Dataset records: Begin

(* Let $G$ be a matrix with entries from a field $\mathbb{F}$, with row index set $S$ and column index set $T$. Suppose $S=S_1\cup\cdots\cup S_m$ and $T=T_1\cup\cdots\cup T_n$ are partitions into pairwise disjoint sets. Let $s_1,\dots,s_m,t_1,\dots,t_n$ be non-negative integers with $t_j\le |T_j|$ for all $j$. Then there exist subsets $\mathbf{s}_i\subseteq S_i$ with $|\mathbf{s}_i|=s_i$ ($1\le i\le m$) and $\mathbf{t}_j\subseteq T_j$ with $|\mathbf{t}_j|=t_j$ ($1\le j\le n$) such that \[ \operatorname{rank}\Big(G\big(\textstyle\bigcup_{i=1}^m\mathbf{s}_i,\bigcup_{j=1}^n\mathbf{t}_j\big)\Big)=\sum_{i=1}^m s_i, \] if and only if for every $I\subseteq\{1,\dots,m\}$ and every $K\subseteq\{1,\dots,n\}$, \[ \operatorname{rank}\Big(G\big(\textstyle\bigcup_{i\in I}S_i,\bigcup_{k\in K}T_k\big)\Big)\ \ge\ \sum_{i\in I}s_i+\sum_{k\in K}t_k-\sum_{j=1}^n t_j . \]
   Context: For $\mathbf{s}\subseteq S$ and $\mathbf{t}\subseteq T$, $G(\mathbf{s},\mathbf{t})$ denotes the submatrix of $G$ formed by the rows with indices in $\mathbf{s}$ and the columns with indices in $\mathbf{t}$ (the rank of a submatrix with no rows or no columns is $0$). *)

theory Defs
  imports Complex_Main "HOL-Library.Function_Algebras"
begin

text \<open>A matrix with row index set S and column index set T over a field is
a function G :: 'r \<Rightarrow> 'c \<Rightarrow> 'a.\<close>

definition scale_fun :: "'a::field \<Rightarrow> ('c \<Rightarrow> 'a) \<Rightarrow> ('c \<Rightarrow> 'a)" where
  "scale_fun c f = (\<lambda>j. c * f j)"

lemma vector_space_scale_fun: "vector_space (scale_fun :: 'a::field \<Rightarrow> ('c \<Rightarrow> 'a) \<Rightarrow> _)"
  by unfold_locales (auto simp: scale_fun_def algebra_simps)

text \<open>Rank of the submatrix G(s,t): dimension of its row space (rows of the
submatrix are the rows i \<in> s restricted to the columns t, extended by zero).
With no rows or no columns this is 0.\<close>

definition submatrix_rank :: "('r \<Rightarrow> 'c \<Rightarrow> 'a::field) \<Rightarrow> 'r set \<Rightarrow> 'c set \<Rightarrow> nat" where
  "submatrix_rank G s t =
     vector_space.dim scale_fun ((\<lambda>i. \<lambda>j. if j \<in> t then G i j else 0) ` s)"

end

theory Submission
  imports Defs
begin

(* The theorem is a Rado-type statement, and the proof reduces it to Rado's theorem
   for submodular rank functions.

   Adjoin to the rows of G (restricted to the columns T) the unit vectors e_j, j \<in> T.
   For rows R and a set C' \<subseteq> T of "deleted" columns, the rows in R together with the
   e_j, j \<in> C', span a space of dimension rank G(R, T - C') + |C'|.  Choosing s_i rows
   in S_i and keeping t_j columns of T_j (i.e. deleting |T_j| - t_j of them) so that the
   submatrix has full row rank is therefore the same as choosing an independent set of
   this augmented vector configuration meeting each block S_i resp. T_j in a prescribed
   number of elements.  Rado's theorem characterises the existence of such a set by a
   Hall-type inequality for every union of blocks; unfolding that inequality gives the
   rank condition of the theorem. *)

context vector_space
begin

text \<open>Dimension is monotone (the finite-dimensional library version does not apply).\<close>
lemma dim_subset_finite:
  assumes "S \<subseteq> T" "finite T"
  shows "dim S \<le> dim T"
proof -
  obtain B where B: "B \<subseteq> T" "independent B" "T \<subseteq> span B" "card B = dim T"
    by (rule basis_exists)
  have "finite B" using B(1) assms(2) finite_subset by blast
  then have "dim S \<le> card B" using assms(1) B(3) by (intro dim_le_card) auto
  then show ?thesis using B(4) by simp
qed

text \<open>Dimension is submodular: extend a basis of \<open>A \<inter> B\<close> to bases of \<open>A\<close> and of \<open>B\<close>.\<close>
lemma dim_Un_Int_le:
  assumes "finite A" "finite B"
  shows "dim (A \<union> B) + dim (A \<inter> B) \<le> dim A + dim B"
proof -
  obtain B0 where B0: "B0 \<subseteq> A \<inter> B" "independent B0" "A \<inter> B \<subseteq> span B0" "card B0 = dim (A \<inter> B)"
    by (rule basis_exists)
  obtain BA where BA: "B0 \<subseteq> BA" "BA \<subseteq> A" "independent BA" "A \<subseteq> span BA"
    using maximal_independent_subset_extend[of B0 A] B0 by auto
  obtain BB where BB: "B0 \<subseteq> BB" "BB \<subseteq> B" "independent BB" "B \<subseteq> span BB"
    using maximal_independent_subset_extend[of B0 B] B0 by auto
  have fin: "finite BA" "finite BB" using BA(2) BB(2) assms finite_subset by blast+
  have "A \<union> B \<subseteq> span (BA \<union> BB)"
    using BA(4) BB(4) span_mono[of BA "BA \<union> BB"] span_mono[of BB "BA \<union> BB"] by blast
  then have "dim (A \<union> B) \<le> card (BA \<union> BB)" using fin by (intro dim_le_card) auto
  moreover have "card (BA \<union> BB) + card (BA \<inter> BB) = card BA + card BB"
    using card_Un_Int[OF fin] by simp
  moreover have "card B0 \<le> card (BA \<inter> BB)"
    using BA(1) BB(1) fin by (intro card_mono) auto
  moreover have "card BA = dim A" "card BB = dim B"
    using BA BB basis_card_eq_dim by blast+
  ultimately show ?thesis using B0(4) by linarith
qed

Dataset records: End

What you will do: Write out the records again, exactly as given.

Solution to this problem:
(* Let $G$ be a matrix with entries from a field $\mathbb{F}$, with row index set $S$ and column index set $T$. Suppose $S=S_1\cup\cdots\cup S_m$ and $T=T_1\cup\cdots\cup T_n$ are partitions into pairwise disjoint sets. Let $s_1,\dots,s_m,t_1,\dots,t_n$ be non-negative integers with $t_j\le |T_j|$ for all $j$. Then there exist subsets $\mathbf{s}_i\subseteq S_i$ with $|\mathbf{s}_i|=s_i$ ($1\le i\le m$) and $\mathbf{t}_j\subseteq T_j$ with $|\mathbf{t}_j|=t_j$ ($1\le j\le n$) such that \[ \operatorname{rank}\Big(G\big(\textstyle\bigcup_{i=1}^m\mathbf{s}_i,\bigcup_{j=1}^n\mathbf{t}_j\big)\Big)=\sum_{i=1}^m s_i, \] if and only if for every $I\subseteq\{1,\dots,m\}$ and every $K\subseteq\{1,\dots,n\}$, \[ \operatorname{rank}\Big(G\big(\textstyle\bigcup_{i\in I}S_i,\bigcup_{k\in K}T_k\big)\Big)\ \ge\ \sum_{i\in I}s_i+\sum_{k\in K}t_k-\sum_{j=1}^n t_j . \]
   Context: For $\mathbf{s}\subseteq S$ and $\mathbf{t}\subseteq T$, $G(\mathbf{s},\mathbf{t})$ denotes the submatrix of $G$ formed by the rows with indices in $\mathbf{s}$ and the columns with indices in $\mathbf{t}$ (the rank of a submatrix with no rows or no columns is $0$). *)

theory Defs
  imports Complex_Main "HOL-Library.Function_Algebras"
begin

text \<open>A matrix with row index set S and column index set T over a field is
a function G :: 'r \<Rightarrow> 'c \<Rightarrow> 'a.\<close>

definition scale_fun :: "'a::field \<Rightarrow> ('c \<Rightarrow> 'a) \<Rightarrow> ('c \<Rightarrow> 'a)" where
  "scale_fun c f = (\<lambda>j. c * f j)"

lemma vector_space_scale_fun: "vector_space (scale_fun :: 'a::field \<Rightarrow> ('c \<Rightarrow> 'a) \<Rightarrow> _)"
  by unfold_locales (auto simp: scale_fun_def algebra_simps)

text \<open>Rank of the submatrix G(s,t): dimension of its row space (rows of the
submatrix are the rows i \<in> s restricted to the columns t, extended by zero).
With no rows or no columns this is 0.\<close>

definition submatrix_rank :: "('r \<Rightarrow> 'c \<Rightarrow> 'a::field) \<Rightarrow> 'r set \<Rightarrow> 'c set \<Rightarrow> nat" where
  "submatrix_rank G s t =
     vector_space.dim scale_fun ((\<lambda>i. \<lambda>j. if j \<in> t then G i j else 0) ` s)"

end

theory Submission
  imports Defs
begin

(* The theorem is a Rado-type statement, and the proof reduces it to Rado's theorem
   for submodular rank functions.

   Adjoin to the rows of G (restricted to the columns T) the unit vectors e_j, j \<in> T.
   For rows R and a set C' \<subseteq> T of "deleted" columns, the rows in R together with the
   e_j, j \<in> C', span a space of dimension rank G(R, T - C') + |C'|.  Choosing s_i rows
   in S_i and keeping t_j columns of T_j (i.e. deleting |T_j| - t_j of them) so that the
   submatrix has full row rank is therefore the same as choosing an independent set of
   this augmented vector configuration meeting each block S_i resp. T_j in a prescribed
   number of elements.  Rado's theorem characterises the existence of such a set by a
   Hall-type inequality for every union of blocks; unfolding that inequality gives the
   rank condition of the theorem. *)

context vector_space
begin

text \<open>Dimension is monotone (the finite-dimensional library version does not apply).\<close>
lemma dim_subset_finite:
  assumes "S \<subseteq> T" "finite T"
  shows "dim S \<le> dim T"
proof -
  obtain B where B: "B \<subseteq> T" "independent B" "T \<subseteq> span B" "card B = dim T"
    by (rule basis_exists)
  have "finite B" using B(1) assms(2) finite_subset by blast
  then have "dim S \<le> card B" using assms(1) B(3) by (intro dim_le_card) auto
  then show ?thesis using B(4) by simp
qed

text \<open>Dimension is submodular: extend a basis of \<open>A \<inter> B\<close> to bases of \<open>A\<close> and of \<open>B\<close>.\<close>
lemma dim_Un_Int_le:
  assumes "finite A" "finite B"
  shows "dim (A \<union> B) + dim (A \<inter> B) \<le> dim A + dim B"
proof -
  obtain B0 where B0: "B0 \<subseteq> A \<inter> B" "independent B0" "A \<inter> B \<subseteq> span B0" "card B0 = dim (A \<inter> B)"
    by (rule basis_exists)
  obtain BA where BA: "B0 \<subseteq> BA" "BA \<subseteq> A" "independent BA" "A \<subseteq> span BA"
    using maximal_independent_subset_extend[of B0 A] B0 by auto
  obtain BB where BB: "B0 \<subseteq> BB" "BB \<subseteq> B" "independent BB" "B \<subseteq> span BB"
    using maximal_independent_subset_extend[of B0 B] B0 by auto
  have fin: "finite BA" "finite BB" using BA(2) BB(2) assms finite_subset by blast+
  have "A \<union> B \<subseteq> span (BA \<union> BB)"
    using BA(4) BB(4) span_mono[of BA "BA \<union> BB"] span_mono[of BB "BA \<union> BB"] by blast
  then have "dim (A \<union> B) \<le> card (BA \<union> BB)" using fin by (intro dim_le_card) auto
  moreover have "card (BA \<union> BB) + card (BA \<inter> BB) = card BA + card BB"
    using card_Un_Int[OF fin] by simp
  moreover have "card B0 \<le> card (BA \<inter> BB)"
    using BA(1) BB(1) fin by (intro card_mono) auto
  moreover have "card BA = dim A" "card BB = dim B"
    using BA BB basis_card_eq_dim by blast+
  ultimately show ?thesis using B0(4) by linarith
qed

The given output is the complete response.